Exercise: Output exactly the lines that run from the top of the entries to the line holding "smult ((-1) ^", including both of those lines.
Start of Dataset
(* Let $p$ be an odd prime and let $\alpha$ be an indeterminate over $\mathbb F_p$. There is a unique polynomial $G^{(\alpha)}(X)\in\mathbb F_p(\alpha)[X]$ of degree less than $p$ such that \[ G^{(\alpha)}\bigl(L_{p-1}^{(\alpha)}(X)\bigr)\equiv X \pmod{X^p-(\alpha^p-\alpha)} \] in $\mathbb F_p(\alpha)[X]$, and it is given by \[ G^{(\alpha)}(X)=-\sum_{k=1}^{p-1}\frac{1}{k}\,\frac{X^{k}}{\prod_{s=1}^{k-1}b_{1,s}(\alpha)}, \] where the empty product (for $k=1$) equals $1$.
   Context: $p$ is an odd prime and $\mathbb F_p$ the field of $p$ elements. The (generalized Laguerre) polynomial $L_{p-1}^{(\alpha)}(X)\in\mathbb F_p[\alpha,X]$ is defined by $L_{p-1}^{(\alpha)}(X)=\sum_{k=0}^{p-1}\binom{\alpha-1}{p-1-k}\frac{(-X)^k}{k!}$, where $\binom{x}{m}=x(x-1)\cdots(x-m+1)/m!$. For integers $0<r,s<p$ (integers are freely interpreted as elements of $\mathbb F_p$), the polynomial $b_{r,s}(\alpha)\in\mathbb F_p[\alpha]$ is defined by $b_{r,s}(\alpha)=\sum_{k=0}^{p-1}(-r/s)^k\binom{r\alpha-1}{p-1-k}\binom{s\alpha-1}{k}$. *)

theory Defs
  imports "Berlekamp_Zassenhaus.Finite_Field"
    "HOL-Computational_Algebra.Polynomial"
    "HOL-Computational_Algebra.Fraction_Field"
begin

text \<open>F_p is the type 'p mod_ring with CARD('p) = p prime; F_p[alpha] is 'p mod_ring poly,
  F_p(alpha) is ('p mod_ring poly) fract.\<close>

definition pbinom :: "'a::field poly \<Rightarrow> nat \<Rightarrow> 'a poly" where
  "pbinom x m = smult (inverse (of_nat (fact m))) (\<Prod>i<m. x - of_nat i)"

definition alpha :: "'a::field poly" where
  "alpha = [:0, 1:]"

text \<open>Coefficient of X^k in L_{p-1}^{(alpha)}(X): binom(alpha-1, p-1-k) (-1)^k / k!.\<close>
definition laguerre_coeff :: "nat \<Rightarrow> nat \<Rightarrow> 'a::field poly" where
  "laguerre_coeff p k = smult ((-1) ^ k * inverse (of_nat (fact k))) (pbinom (alpha - 1) (p - 1 - k))"

definition laguerre :: "nat \<Rightarrow> ('a::field poly) fract poly" where
  "laguerre p = (\<Sum>k<p. monom (to_fract (laguerre_coeff p k)) k)"

definition bpoly :: "nat \<Rightarrow> nat \<Rightarrow> nat \<Rightarrow> 'a::field poly" where
  "bpoly p r s = (\<Sum>k<p. smult ((- (of_nat r / of_nat s)) ^ k)
      (pbinom (smult (of_nat r) alpha - 1) (p - 1 - k) * pbinom (smult (of_nat s) alpha - 1) k))"

definition Gpoly :: "nat \<Rightarrow> ('a::field poly) fract poly" where
  "Gpoly p = - (\<Sum>k=1..p-1. monom (inverse (of_nat k) *
       inverse (\<Prod>s=1..k-1. to_fract (bpoly p 1 s))) k)"

end

(*
  Write p for the characteristic, a for alpha, N = X^p - (a^p - a) and
  M_s = L_{p-1}^{(s a)}(s X).  Each M_s is annihilated modulo N by the first-order operator
  X d/dX - s (X - a).  Among polynomials of degree < p, the solutions of such a congruence form
  a line (the coefficients obey a two-term recurrence), and the operators are additive in s on
  products.  Hence M_1 M_s = b_{1,s} M_{s+1} mod N, the constant being read off from the
  coefficient of X^{p-1}, and by induction M_1^k = (b_{1,1} ... b_{1,k-1}) M_k mod N.  Power
  sums over F_p give sum_{k=1}^{p-1} M_k / k = -X, and substituting the previous congruence
  yields G(M_1) = X mod N; the b_{1,s} are nonzero since b_{1,s}(0) = 1.  For uniqueness,
  differentiating gives G'(M_1) M_1' = 1 mod N, so D(M_1) = 0 mod N implies D'(M_1) = 0 mod N;
  as deg D < p forces D' to be nonzero for nonconstant D, induction on the degree gives D = 0.
*)
theory Submission
  imports Defs "Subresultants.More_Homomorphisms"
begin

section \<open>Arithmetic in characteristic p\<close>

lemma of_nat_neq_0_below_CHAR:
  "0 < k \<Longrightarrow> k < CHAR('a) \<Longrightarrow> of_nat k \<noteq> (0 :: 'a::semiring_1)"
  by (auto simp: of_nat_eq_0_iff_char_dvd dest: dvd_imp_le)

lemma of_nat_fact_neq_0_CHAR:
  "n < CHAR('a) \<Longrightarrow> of_nat (fact n) \<noteq> (0 :: 'a::semiring_prime_char)"
  by (simp add: of_nat_eq_0_iff_char_dvd prime_dvd_fact_iff)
End of Dataset
Task solution:
(* Let $p$ be an odd prime and let $\alpha$ be an indeterminate over $\mathbb F_p$. There is a unique polynomial $G^{(\alpha)}(X)\in\mathbb F_p(\alpha)[X]$ of degree less than $p$ such that \[ G^{(\alpha)}\bigl(L_{p-1}^{(\alpha)}(X)\bigr)\equiv X \pmod{X^p-(\alpha^p-\alpha)} \] in $\mathbb F_p(\alpha)[X]$, and it is given by \[ G^{(\alpha)}(X)=-\sum_{k=1}^{p-1}\frac{1}{k}\,\frac{X^{k}}{\prod_{s=1}^{k-1}b_{1,s}(\alpha)}, \] where the empty product (for $k=1$) equals $1$.
   Context: $p$ is an odd prime and $\mathbb F_p$ the field of $p$ elements. The (generalized Laguerre) polynomial $L_{p-1}^{(\alpha)}(X)\in\mathbb F_p[\alpha,X]$ is defined by $L_{p-1}^{(\alpha)}(X)=\sum_{k=0}^{p-1}\binom{\alpha-1}{p-1-k}\frac{(-X)^k}{k!}$, where $\binom{x}{m}=x(x-1)\cdots(x-m+1)/m!$. For integers $0<r,s<p$ (integers are freely interpreted as elements of $\mathbb F_p$), the polynomial $b_{r,s}(\alpha)\in\mathbb F_p[\alpha]$ is defined by $b_{r,s}(\alpha)=\sum_{k=0}^{p-1}(-r/s)^k\binom{r\alpha-1}{p-1-k}\binom{s\alpha-1}{k}$. *)

theory Defs
  imports "Berlekamp_Zassenhaus.Finite_Field"
    "HOL-Computational_Algebra.Polynomial"
    "HOL-Computational_Algebra.Fraction_Field"
begin

text \<open>F_p is the type 'p mod_ring with CARD('p) = p prime; F_p[alpha] is 'p mod_ring poly,
  F_p(alpha) is ('p mod_ring poly) fract.\<close>

definition pbinom :: "'a::field poly \<Rightarrow> nat \<Rightarrow> 'a poly" where
  "pbinom x m = smult (inverse (of_nat (fact m))) (\<Prod>i<m. x - of_nat i)"

definition alpha :: "'a::field poly" where
  "alpha = [:0, 1:]"

text \<open>Coefficient of X^k in L_{p-1}^{(alpha)}(X): binom(alpha-1, p-1-k) (-1)^k / k!.\<close>
definition laguerre_coeff :: "nat \<Rightarrow> nat \<Rightarrow> 'a::field poly" where
  "laguerre_coeff p k = smult ((-1) ^ k * inverse (of_nat (fact k))) (pbinom (alpha - 1) (p - 1 - k))"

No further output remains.